Instead of being able to basically just throw more capital and more compute at problems (aka buying better chips), DeepSeek’s team had to find workarounds around the limitations of the hardware that they did manage to gather before the effects of the restrictions hit. This led them to explore solutions that people in the West simply didn’t need to, because the West had…well…uh they had a lot of money and a lot more freedom to procure things. It’s not a case of a pure intellectual advantage (the take here is not necessarily “China is leapfrogging the US in innovation”), rather, it’s the advantages created by properly aligning incentives. I’m quite confident the American labs could have come up with some of the innovations leading to DeepSeek’s success. They just…never had to, they simply weren’t incentivized to do so. While Western labs could throw virtually unlimited resources at AI development, export controls forced DeepSeek’s team to find creative solutions with constrained resources. This necessity drove innovations in training techniques that have now been published openly, accelerating AI models’ commoditization.

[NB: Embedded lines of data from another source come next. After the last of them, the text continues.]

lemma p_group: "is_p_group p S"
  using saturated by (simp add: saturated_def)

lemma finite_carrier: "finite (carrier S)"
  using p_group by (simp add: is_p_group_def)

lemma prime_p: "Factorial_Ring.prime p"
  using p_group by (simp add: is_p_group_def)

lemma card_carrier: "\<exists>n. card (carrier S) = p ^ n"
  using p_group by (simp add: is_p_group_def)

lemma extension_axiom:
  assumes "\<phi> \<in> F P (carrier S)" "fully_centralized S F (\<phi> ` P)"
  shows "\<exists>\<psi>\<in>F (N_phi S P \<phi>) (carrier S). \<forall>x\<in>P. \<psi> x = \<phi> x"
proof -
  have "\<forall>P \<phi>. \<phi> \<in> F P (carrier S) \<longrightarrow> fully_centralized S F (\<phi> ` P) \<longrightarrow>
      (\<exists>\<psi> \<in> F (N_phi S P \<phi>) (carrier S). \<forall>x\<in>P. \<psi> x = \<phi> x)"
    using saturated unfolding saturated_def by (elim conjE) assumption
  then show ?thesis
    using assms by blast
qed

lemma autS_coprime_index:
  assumes Q: "fully_normalized S F Q"
  shows "\<not> p dvd card (rcosets\<^bsub>autF F Q\<^esub> HomT S (carrier S) Q Q)"
proof -
  have "\<forall>P. fully_normalized S F P \<longrightarrow> fully_centralized S F P \<and>
      (\<exists>m. card (F P P) = card (HomT S (carrier S) P P) * m \<and> \<not> p dvd m)"
    using saturated unfolding saturated_def by (elim conjE) assumption
  then obtain m where m: "card (F Q Q) = card (HomT S (carrier S) Q Q) * m" "\<not> p dvd m"
    using Q by blast
  have Qs: "subgroup Q S" using Q by (simp add: fully_normalized_def)
  have fin: "finite Q" by (rule finite_subset[OF subgroup.subset[OF Qs] finite_carrier])
  interpret A: group "autF F Q" by (rule group_autF[OF fin Qs])
  have T: "subgroup (HomT S (carrier S) Q Q) (autF F Q)"
    by (rule subgroup_autS[OF fin Qs])
  have "finite (HomT S (carrier S) Q Q)"
    using subgroup.subset[OF T] finite_endo_mors[OF fin] by (simp add: finite_subset)
  then have "card (HomT S (carrier S) Q Q) > 0"
    using subgroup.one_closed[OF T] by (auto simp: card_gt_0_iff)
  moreover have "card (rcosets\<^bsub>autF F Q\<^esub> HomT S (carrier S) Q Q) * card (HomT S (carrier S) Q Q) =
      card (HomT S (carrier S) Q Q) * m"
    using A.lagrange[OF T] m(1) by (simp add: order_def)
  ultimately show ?thesis
    using m(2) by simp
qed

lemma exists_fully_normalized:
  assumes Q: "subgroup Q S"
  shows "\<exists>Q'. F_conj S F Q Q' \<and> fully_normalized S F Q'"
proof -
  have "card (normS S R) < Suc (card (carrier S))" for R
    using card_mono[OF finite_carrier, of "normS S R"] by (auto simp: normS_def)
  then obtain Q' where Q': "F_conj S F Q Q'"
    and max: "\<And>Q''. F_conj S F Q Q'' \<Longrightarrow> card (normS S Q'') \<le> card (normS S Q')"
    using ex_has_greatest_nat[of "F_conj S F Q" Q "\<lambda>R. card (normS S R)"] F_conj_refl[OF Q] by blast
  have "fully_normalized S F Q'"
    unfolding fully_normalized_def using F_conj_subgroup[OF Q'] max F_conj_trans[OF Q'] by blast
  then show ?thesis
    using Q' by blast
qed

However, just to quickly play a bit of devil’s advocate on myself, here’s some nuance to the perspective on the role of export controls. The reality of export controls’ impact is a bit more complex than initially appears. While restrictions theoretically limit access to cutting-edge hardware in China, DeepSeek’s story actually challenges this simplistic narrative. According to SemiAnalysis, their infrastructure investments exceed $500M even after accounting for restrictions - hardly the picture of a resource-starved operation. So while it’s true that DeepSeek’s team did not have easy access to the most advanced components, it’s not like they were playing with just a couple server racks and old graphics cards. Export controls may have played a role, but perhaps not as large as some originally thought.

Anyway, the implications of the innovation shown with this release extend far beyond just DeepSeek, even with a more nuanced take on the export restrictions. Their work demonstrates that competitive AI development is possible without hyperscaler-level resources. First, the nature of their model architecture leverages a mixture of experts technique, which is like having a bunch of specialist consultants (what researchers call "experts") working together, with a really smart secretary (their "gating network") figuring out which specialist should handle what part of your request. This increases efficiency because you're not bothering the whole team for every little thing, as it were. Additionally, their work on Multi-head Latent Attention (MLA) and Multi-Token Prediction (MTP) led to immense breakthroughs in memory constraints and computational costs at an unprecedented scale. This includes reducing the memory needed for processing conversations ("KV Cache") by over 93% and using additional attention modules to predict multiple upcoming tokens instead of just one token at a time. In plain English? That means these models require less energy usage, cost way less, and can handle longer conversations without choking, at a scale considered impossible by what was conventional wisdom. This is just scratching the surface, as they have done great (albeit controversial) work in other areas like model distillation as well.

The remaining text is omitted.